Sesuai prediksi Lin Feng, Zhu Hongwu memang tampak ingin bertindak dan menjepit Zhu Yi lalu mengirimnya ke neraka. Namun, alisnya berubah dan dia berbalik dengan tatapan yang sangat merendahkan sebelum kembali melangkah ke cakrawala. Tidak lama kemudian dia menghilang sepenuhnya.
Lin Feng mengangkat bahu sambil menyaksikan Zhu Hongwu menghilang di cakrawala. Dia tetap memegang Payung Pelindung Langit yang telah dijepitnya di tangannya untuk berjaga-jaga.
Senyum di wajah Zhu Yi langsung menghilang saat dia menatap ke arah yang dituju Zhu Hongwu dengan ekspresi datar. Dia tidak mengucapkan sepatah kata pun untuk waktu yang lama.

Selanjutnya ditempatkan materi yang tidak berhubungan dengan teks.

lemma max_beep_if_max_phase: "cfg t v \<noteq> None \<Longrightarrow> phase t v = Suc t \<Longrightarrow> \<exists>r\<le>t. max_beep r v"
proof (induction t)
  case 0
  then show ?case
    using max_beep_0 by auto
next
  case (Suc t)
  show ?case
  proof (cases "cfg t v")
    case None
    then show ?thesis
      using Suc.prems(2) by simp
  next
    case (Some y)
    then obtain d s i where y: "cfg t v = Some (d, s, i)"
      by (cases y) auto
    show ?thesis
    proof (cases "induced t v")
      case True
      then have "phase t v = t"
        using y Suc.prems(2) by simp
      then have "(d + 1) mod T = (t + 1) mod T" "(d + 2) mod T = (t + 2) mod T"
        using phase_consistent(1)[OF y] by (simp_all only: mod_add_left_eq)
      then have "max_beep (Suc t) v"
        unfolding max_beep_def using step_induced[OF y True] induced_iff[OF y] True Suc.prems(2)
        by simp
      then show ?thesis
        by blast
    next
      case False
      then have "phase t v = Suc t"
        using y Suc.prems(2) by simp
      then show ?thesis
        using Suc.IH y le_SucI by blast
    qed
  qed
qed

text \<open>A node of maximal phase cannot be induced, so a listening one waits for its next checkpoint.\<close>
lemma max_phase_listen_step:
  assumes "cfg s u = Some ((s + 1) mod T, Listen, True)" "phase s u = Suc s"
  shows "cfg (Suc s) u =
    (if (s + 2) mod T \<in> CP T then Some ((s + 2) mod T, Beep, False) else Some ((s + 2) mod T, Listen, True))"
proof -
  have "\<not> induced s u"
    by (rule max_phase_Suc(1)) (simp_all add: assms)
  moreover have "((s + 1) mod T + 1) mod T = (s + 2) mod T"
    by (simp add: mod_Suc_eq)
  ultimately show ?thesis
    using step_active[OF assms(1)] induced_iff[OF assms(1)] zero_mem_CP[OF T_ge_4]
    by (cases "hears E cfg s u") (auto simp: Let_def)
qed

lemma max_beep_listens:
  assumes "max_beep r u" "Suc r \<le> s" "s < next_cp T r"
  shows "cfg s u = Some ((s + 1) mod T, Listen, True)"
  using assms(2,3)
proof (induction s rule: dec_induct)
  case base
  then show ?case
    using assms(1) step_active[of r u] unfolding max_beep_def by (simp add: mod_Suc_eq)
next
  case (step n)
  have "phase n u = Suc n"
    using max_phase_persists[of r u n] assms(1) step.hyps unfolding max_beep_def by simp
  moreover have "(n + 2) mod T \<notin> CP T"
    using not_CP_before_next_cp[of r "Suc n" T] step by simp
  ultimately show ?case
    using max_phase_listen_step step by simp
qed

lemma max_beep_beeps:
  assumes "max_beep r u"
  shows "beeps cfg (next_cp T r) u"
proof -
  define s where "s = next_cp T r - 1"
  have r: "r mod T \<in> CP T"
    using assms unfolding max_beep_def by blast
  then have s: "Suc r \<le> s" "s < next_cp T r" "Suc s = next_cp T r"
    using next_cp_gt_Suc[OF T_ge_4 r] unfolding s_def by auto
  then have "phase s u = Suc s"
    using max_phase_persists[of r u s] assms unfolding max_beep_def by simp
  moreover have "(s + 2) mod T \<in> CP T"
    using next_cp_mem_CP[OF T_ge_4, of r] s(3) by simp
  ultimately have "cfg (Suc s) u = Some ((s + 2) mod T, Beep, False)"
    using max_phase_listen_step[OF max_beep_listens[OF assms s(1,2)]] by simp
  then show ?thesis
    unfolding beeps_def s(3) by blast
qed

Setelah memberi hormat kepada Meng Bingyun, Zhu Yi mengumpulkan gelombang mana dan menggali peti mati – tepatnya seratus kaki di sekitar peti mati. Dia tidak ingin menodai jasad ibunya dengan cara apa pun, dan dengan bantuan Lin Feng, dia membawa ibunya kembali ke Gunung Yujing. Akhirnya, dia menempatkan ibunya di sana dan menguburnya di belakang Kuil Surgawi.
Lin Feng mengamati Zhu Yi dengan tenang dan menemukan bahwa kondisi mentalnya, yang stabil dan tangguh, lebih bersemangat dan tajam dari sebelumnya. Memutus ikatan yang Zhu Hongwu miliki pada Zhu Yi tampaknya meningkatkan penguasaannya atas emosi.
Setelah menyapa Lin Feng dan mengatur murid-murid Sekte Surgawi Keajaiban lainnya, Zhu Yi memasuki Dunia Sinar Kosmik Surgawi dan mengunci dirinya di dalam, lalu mulai menyisir hasil panen dari kunjungan mereka ke kota.
“Oh?” Setelah Lin Feng mengirim Zhu Yi melalui Dunia Sinar Kosmik Surgawi, dia bersiap untuk menganalisis pembuluh darah Kun Peng milik Guru Besar Kun Yue ketika sebuah pikiran muncul di benaknya. Dia memperluas kesadarannya dan menyapu sekitarnya, lalu menemukan Tun Tun yang mencurigakan berkeliaran. Alih-alih kembali ke Lembah Gurun, Tun Tun berada di Gunung Yujing dan menyelinap menuju kediaman Hu Yanyan.
Bibir Lin Feng melengkung saat dia bergumam pelan. “Apa yang kau rencanakan sekarang, pembuat onar?”